- [WORK REQUEST]
Which lines of the entries contain the string "moreover"? Copy each of them.

════

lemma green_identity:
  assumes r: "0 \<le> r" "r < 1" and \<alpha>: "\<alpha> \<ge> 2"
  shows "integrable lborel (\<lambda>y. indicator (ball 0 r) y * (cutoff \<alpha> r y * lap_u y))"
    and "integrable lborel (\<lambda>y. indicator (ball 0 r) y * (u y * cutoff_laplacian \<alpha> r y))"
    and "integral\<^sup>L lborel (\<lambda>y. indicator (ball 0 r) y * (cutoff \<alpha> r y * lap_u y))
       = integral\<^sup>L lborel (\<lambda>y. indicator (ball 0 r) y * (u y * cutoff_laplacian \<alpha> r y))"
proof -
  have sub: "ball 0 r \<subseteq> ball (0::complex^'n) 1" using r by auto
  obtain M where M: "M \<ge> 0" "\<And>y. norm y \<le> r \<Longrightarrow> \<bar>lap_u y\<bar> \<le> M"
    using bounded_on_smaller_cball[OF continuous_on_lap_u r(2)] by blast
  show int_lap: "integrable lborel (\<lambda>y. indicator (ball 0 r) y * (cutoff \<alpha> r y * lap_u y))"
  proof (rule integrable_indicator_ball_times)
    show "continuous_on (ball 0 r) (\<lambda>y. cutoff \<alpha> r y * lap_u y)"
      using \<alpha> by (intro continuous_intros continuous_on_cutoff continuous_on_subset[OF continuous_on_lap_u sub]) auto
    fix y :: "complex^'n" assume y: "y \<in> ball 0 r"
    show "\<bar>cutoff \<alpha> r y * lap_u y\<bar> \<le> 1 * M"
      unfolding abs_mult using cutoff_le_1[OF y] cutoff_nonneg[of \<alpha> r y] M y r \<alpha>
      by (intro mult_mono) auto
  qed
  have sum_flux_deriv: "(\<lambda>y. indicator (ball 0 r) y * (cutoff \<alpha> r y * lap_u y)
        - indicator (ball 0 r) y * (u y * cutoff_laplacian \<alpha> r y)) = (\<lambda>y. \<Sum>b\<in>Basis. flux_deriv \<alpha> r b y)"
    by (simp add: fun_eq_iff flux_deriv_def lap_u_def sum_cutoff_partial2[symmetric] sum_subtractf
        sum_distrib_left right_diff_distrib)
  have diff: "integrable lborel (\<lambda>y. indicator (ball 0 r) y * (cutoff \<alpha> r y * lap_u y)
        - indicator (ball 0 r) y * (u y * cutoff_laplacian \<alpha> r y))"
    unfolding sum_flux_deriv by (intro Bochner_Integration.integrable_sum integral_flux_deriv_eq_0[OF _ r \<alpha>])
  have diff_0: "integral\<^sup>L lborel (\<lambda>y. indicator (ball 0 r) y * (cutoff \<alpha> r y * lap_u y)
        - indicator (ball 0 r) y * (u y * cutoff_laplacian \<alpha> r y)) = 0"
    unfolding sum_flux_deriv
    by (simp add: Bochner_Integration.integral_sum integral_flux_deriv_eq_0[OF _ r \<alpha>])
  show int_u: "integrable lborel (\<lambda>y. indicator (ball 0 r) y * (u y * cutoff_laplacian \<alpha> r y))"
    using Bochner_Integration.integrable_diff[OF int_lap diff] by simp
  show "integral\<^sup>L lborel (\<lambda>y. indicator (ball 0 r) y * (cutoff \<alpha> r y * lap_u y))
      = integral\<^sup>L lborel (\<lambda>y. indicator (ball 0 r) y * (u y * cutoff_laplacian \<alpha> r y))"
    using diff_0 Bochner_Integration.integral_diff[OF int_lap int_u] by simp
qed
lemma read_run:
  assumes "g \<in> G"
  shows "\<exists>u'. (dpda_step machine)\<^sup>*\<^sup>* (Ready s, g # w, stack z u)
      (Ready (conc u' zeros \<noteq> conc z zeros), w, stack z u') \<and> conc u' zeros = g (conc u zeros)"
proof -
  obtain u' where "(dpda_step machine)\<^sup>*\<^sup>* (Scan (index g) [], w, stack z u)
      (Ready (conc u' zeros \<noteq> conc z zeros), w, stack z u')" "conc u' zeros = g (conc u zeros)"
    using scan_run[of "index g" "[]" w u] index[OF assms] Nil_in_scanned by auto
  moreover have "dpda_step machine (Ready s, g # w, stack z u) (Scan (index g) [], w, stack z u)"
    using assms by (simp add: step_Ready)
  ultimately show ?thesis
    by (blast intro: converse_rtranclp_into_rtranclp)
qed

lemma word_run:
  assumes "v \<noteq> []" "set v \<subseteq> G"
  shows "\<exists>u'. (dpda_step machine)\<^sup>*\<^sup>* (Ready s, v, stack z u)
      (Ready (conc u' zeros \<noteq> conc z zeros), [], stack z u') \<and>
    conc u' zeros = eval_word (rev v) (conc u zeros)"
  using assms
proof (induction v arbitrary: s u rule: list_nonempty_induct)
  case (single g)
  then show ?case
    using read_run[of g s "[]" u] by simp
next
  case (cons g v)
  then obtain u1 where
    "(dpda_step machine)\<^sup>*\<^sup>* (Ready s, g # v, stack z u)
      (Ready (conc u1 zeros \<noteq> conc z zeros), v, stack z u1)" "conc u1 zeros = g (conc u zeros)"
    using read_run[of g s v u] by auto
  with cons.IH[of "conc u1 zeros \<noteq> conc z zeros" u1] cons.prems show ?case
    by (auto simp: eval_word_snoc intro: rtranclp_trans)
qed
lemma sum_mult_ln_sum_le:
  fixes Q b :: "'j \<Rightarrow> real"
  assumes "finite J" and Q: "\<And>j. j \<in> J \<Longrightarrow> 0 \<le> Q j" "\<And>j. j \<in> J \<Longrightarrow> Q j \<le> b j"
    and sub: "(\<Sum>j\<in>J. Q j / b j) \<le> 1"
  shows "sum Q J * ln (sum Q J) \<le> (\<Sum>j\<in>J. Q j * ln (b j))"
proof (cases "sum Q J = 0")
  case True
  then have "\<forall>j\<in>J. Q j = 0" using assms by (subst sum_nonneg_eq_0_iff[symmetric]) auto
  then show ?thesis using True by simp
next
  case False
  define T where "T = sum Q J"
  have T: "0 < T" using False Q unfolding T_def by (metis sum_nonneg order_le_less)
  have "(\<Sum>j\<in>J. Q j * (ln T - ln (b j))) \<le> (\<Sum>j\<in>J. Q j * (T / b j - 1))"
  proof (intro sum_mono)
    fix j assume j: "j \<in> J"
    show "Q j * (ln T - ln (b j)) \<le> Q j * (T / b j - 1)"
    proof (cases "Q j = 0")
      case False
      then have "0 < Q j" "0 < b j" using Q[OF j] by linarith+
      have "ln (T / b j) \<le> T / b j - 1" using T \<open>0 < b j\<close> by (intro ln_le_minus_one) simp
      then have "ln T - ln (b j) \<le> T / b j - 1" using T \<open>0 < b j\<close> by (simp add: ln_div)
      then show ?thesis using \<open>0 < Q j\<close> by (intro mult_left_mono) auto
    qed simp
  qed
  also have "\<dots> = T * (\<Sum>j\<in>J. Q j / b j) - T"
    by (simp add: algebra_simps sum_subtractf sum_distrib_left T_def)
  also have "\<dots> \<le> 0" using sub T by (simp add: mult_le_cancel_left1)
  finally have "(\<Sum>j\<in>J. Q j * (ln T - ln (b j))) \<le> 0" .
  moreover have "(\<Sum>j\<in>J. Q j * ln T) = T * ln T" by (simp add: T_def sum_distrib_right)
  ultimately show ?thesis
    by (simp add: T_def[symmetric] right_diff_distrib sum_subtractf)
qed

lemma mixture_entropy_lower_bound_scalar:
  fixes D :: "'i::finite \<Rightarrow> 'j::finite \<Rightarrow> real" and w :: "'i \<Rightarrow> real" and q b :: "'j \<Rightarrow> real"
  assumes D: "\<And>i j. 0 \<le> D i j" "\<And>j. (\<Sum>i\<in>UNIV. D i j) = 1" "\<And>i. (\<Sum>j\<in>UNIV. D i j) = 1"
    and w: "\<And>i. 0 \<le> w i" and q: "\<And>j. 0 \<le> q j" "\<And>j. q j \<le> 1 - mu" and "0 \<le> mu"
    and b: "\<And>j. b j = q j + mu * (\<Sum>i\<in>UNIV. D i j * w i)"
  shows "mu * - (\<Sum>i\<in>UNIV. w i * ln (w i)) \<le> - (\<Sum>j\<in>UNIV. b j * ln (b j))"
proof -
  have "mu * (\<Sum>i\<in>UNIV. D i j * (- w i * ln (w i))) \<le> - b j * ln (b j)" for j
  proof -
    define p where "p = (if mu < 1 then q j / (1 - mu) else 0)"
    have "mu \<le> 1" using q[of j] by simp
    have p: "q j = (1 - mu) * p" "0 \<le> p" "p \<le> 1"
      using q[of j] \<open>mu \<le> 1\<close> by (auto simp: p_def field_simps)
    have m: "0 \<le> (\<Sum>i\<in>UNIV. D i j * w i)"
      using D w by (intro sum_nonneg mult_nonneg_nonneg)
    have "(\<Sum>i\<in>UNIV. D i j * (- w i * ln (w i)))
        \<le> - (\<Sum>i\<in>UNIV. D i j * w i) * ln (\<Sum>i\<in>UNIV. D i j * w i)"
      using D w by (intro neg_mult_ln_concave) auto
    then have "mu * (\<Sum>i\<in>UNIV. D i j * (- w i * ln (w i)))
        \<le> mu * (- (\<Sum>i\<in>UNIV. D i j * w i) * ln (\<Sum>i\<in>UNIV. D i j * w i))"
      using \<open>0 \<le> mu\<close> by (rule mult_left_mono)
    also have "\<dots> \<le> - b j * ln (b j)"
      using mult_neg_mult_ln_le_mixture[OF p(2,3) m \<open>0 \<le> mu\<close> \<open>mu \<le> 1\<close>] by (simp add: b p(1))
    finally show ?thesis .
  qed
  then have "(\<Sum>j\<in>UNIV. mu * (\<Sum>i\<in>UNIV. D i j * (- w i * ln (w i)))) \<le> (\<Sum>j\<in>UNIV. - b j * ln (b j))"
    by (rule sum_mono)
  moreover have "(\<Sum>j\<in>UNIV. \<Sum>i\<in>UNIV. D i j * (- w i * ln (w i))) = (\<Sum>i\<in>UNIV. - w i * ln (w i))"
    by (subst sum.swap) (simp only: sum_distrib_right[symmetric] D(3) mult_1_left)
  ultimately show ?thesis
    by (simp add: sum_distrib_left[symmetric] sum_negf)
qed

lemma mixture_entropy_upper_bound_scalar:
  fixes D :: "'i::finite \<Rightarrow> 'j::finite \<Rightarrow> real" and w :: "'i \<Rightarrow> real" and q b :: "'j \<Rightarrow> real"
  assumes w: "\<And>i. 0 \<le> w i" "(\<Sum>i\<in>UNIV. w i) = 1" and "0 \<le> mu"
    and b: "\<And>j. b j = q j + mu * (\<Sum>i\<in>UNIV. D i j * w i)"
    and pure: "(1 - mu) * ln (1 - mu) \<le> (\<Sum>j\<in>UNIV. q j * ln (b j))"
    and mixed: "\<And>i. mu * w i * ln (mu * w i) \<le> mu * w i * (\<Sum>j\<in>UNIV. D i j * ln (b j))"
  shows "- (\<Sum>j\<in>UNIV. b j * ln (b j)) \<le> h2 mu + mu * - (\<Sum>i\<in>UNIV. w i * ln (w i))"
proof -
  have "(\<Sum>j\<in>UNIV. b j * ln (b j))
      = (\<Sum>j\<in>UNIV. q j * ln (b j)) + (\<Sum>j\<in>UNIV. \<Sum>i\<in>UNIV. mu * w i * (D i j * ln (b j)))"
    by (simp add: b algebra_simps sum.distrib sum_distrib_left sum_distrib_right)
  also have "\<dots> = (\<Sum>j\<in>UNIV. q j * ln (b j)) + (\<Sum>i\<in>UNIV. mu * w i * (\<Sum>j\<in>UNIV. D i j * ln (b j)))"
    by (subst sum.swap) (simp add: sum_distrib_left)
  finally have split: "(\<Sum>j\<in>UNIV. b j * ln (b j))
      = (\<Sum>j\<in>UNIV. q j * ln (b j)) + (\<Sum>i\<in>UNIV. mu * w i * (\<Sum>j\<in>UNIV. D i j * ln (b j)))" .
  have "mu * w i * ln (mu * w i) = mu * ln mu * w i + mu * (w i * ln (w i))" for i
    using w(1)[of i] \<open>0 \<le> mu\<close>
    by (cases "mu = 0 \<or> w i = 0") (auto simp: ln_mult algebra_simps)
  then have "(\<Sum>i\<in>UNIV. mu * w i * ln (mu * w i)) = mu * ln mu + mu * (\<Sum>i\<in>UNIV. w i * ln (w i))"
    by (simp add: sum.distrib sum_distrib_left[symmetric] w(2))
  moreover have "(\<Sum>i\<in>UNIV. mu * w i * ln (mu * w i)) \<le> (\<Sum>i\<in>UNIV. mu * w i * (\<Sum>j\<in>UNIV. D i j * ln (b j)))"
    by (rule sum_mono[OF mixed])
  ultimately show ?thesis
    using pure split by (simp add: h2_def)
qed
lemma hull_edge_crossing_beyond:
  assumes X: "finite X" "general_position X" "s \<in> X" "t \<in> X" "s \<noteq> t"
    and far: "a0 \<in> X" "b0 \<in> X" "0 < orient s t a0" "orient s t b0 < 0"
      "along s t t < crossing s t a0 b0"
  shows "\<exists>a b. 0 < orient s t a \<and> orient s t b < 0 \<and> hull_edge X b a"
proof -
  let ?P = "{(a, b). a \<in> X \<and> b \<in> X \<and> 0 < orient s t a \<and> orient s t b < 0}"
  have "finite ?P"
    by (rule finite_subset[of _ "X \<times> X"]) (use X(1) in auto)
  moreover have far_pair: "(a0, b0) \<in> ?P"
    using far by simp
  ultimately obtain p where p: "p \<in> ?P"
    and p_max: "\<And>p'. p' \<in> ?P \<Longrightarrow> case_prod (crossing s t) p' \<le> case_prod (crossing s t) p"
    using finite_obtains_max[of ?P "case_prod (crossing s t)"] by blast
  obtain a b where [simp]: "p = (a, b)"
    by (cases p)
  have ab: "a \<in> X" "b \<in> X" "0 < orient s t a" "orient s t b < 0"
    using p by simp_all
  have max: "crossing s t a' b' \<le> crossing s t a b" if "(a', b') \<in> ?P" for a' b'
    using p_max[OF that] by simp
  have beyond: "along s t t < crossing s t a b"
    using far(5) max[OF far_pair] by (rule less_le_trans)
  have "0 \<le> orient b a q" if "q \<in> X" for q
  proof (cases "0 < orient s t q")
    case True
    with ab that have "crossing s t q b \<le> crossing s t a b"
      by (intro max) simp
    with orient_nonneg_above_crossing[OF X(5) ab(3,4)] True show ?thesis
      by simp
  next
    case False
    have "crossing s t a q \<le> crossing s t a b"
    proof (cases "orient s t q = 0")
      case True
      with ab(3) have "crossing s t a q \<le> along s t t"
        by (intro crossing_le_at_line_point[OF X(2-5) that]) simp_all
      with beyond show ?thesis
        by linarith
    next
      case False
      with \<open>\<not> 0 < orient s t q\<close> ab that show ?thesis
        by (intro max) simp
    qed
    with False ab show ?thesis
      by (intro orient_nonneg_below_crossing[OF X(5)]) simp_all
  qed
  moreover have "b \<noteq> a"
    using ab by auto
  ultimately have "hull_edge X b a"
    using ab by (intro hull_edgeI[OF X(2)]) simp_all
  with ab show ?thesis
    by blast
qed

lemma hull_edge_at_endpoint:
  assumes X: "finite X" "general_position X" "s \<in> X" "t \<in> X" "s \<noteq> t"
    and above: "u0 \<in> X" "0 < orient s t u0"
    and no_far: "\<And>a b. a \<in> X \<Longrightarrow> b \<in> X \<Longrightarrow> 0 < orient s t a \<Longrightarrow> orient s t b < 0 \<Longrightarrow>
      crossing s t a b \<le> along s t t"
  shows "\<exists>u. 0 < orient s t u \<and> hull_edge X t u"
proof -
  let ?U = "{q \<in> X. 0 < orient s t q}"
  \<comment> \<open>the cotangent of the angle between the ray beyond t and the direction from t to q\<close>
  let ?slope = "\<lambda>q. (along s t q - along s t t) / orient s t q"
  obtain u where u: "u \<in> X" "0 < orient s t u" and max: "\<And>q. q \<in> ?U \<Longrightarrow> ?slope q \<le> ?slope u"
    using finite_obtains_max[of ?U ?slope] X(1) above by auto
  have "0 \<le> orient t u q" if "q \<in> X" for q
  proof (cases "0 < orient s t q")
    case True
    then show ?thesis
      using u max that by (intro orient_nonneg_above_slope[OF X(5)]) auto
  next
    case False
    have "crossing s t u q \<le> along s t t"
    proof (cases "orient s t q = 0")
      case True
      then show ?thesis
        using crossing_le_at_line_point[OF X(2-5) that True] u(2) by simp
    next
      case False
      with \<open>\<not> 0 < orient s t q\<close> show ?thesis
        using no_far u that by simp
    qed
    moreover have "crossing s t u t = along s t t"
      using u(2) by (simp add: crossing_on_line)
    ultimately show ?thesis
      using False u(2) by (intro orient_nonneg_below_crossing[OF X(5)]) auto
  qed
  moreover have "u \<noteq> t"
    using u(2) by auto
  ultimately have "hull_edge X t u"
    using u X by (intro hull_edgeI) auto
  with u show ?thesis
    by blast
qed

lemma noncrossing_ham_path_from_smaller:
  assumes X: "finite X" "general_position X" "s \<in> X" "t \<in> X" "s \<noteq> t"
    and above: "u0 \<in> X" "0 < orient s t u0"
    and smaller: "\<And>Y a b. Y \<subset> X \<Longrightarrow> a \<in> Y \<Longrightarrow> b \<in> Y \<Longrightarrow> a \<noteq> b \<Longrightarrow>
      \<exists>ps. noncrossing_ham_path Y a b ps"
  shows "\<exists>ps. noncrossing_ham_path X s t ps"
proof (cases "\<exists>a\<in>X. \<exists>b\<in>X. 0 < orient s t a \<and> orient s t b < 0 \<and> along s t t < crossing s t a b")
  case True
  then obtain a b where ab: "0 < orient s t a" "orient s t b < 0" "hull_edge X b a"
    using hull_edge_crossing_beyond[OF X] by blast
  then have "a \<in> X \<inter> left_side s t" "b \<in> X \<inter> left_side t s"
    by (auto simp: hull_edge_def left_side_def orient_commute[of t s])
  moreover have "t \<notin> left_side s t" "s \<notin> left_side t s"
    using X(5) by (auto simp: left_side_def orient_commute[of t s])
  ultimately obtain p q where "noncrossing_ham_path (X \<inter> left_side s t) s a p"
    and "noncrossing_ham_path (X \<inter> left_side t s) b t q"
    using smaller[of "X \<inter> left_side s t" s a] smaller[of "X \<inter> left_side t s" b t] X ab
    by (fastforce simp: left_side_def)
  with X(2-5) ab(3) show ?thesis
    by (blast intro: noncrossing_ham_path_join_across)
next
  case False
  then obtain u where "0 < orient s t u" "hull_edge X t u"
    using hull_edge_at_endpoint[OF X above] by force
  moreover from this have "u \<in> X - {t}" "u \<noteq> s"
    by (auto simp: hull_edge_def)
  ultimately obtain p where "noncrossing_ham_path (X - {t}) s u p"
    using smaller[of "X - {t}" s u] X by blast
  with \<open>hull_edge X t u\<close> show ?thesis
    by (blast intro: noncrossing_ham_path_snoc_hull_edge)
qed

════

- [EXERCISE RESPONSE]
  moreover have "dpda_step machine (Ready s, g # w, stack z u) (Scan (index g) [], w, stack z u)"
  moreover have "(\<Sum>j\<in>J. Q j * ln T) = T * ln T" by (simp add: T_def sum_distrib_right)
  moreover have "(\<Sum>j\<in>UNIV. \<Sum>i\<in>UNIV. D i j * (- w i * ln (w i))) = (\<Sum>i\<in>UNIV. - w i * ln (w i))"
  moreover have "(\<Sum>i\<in>UNIV. mu * w i * ln (mu * w i)) \<le> (\<Sum>i\<in>UNIV. mu * w i * (\<Sum>j\<in>UNIV. D i j * ln (b j)))"
  moreover have far_pair: "(a0, b0) \<in> ?P"
  moreover have "b \<noteq> a"
    moreover have "crossing s t u t = along s t t"
  moreover have "u \<noteq> t"
  moreover have "t \<notin> left_side s t" "s \<notin> left_side t s"
  moreover from this have "u \<in> X - {t}" "u \<noteq> s"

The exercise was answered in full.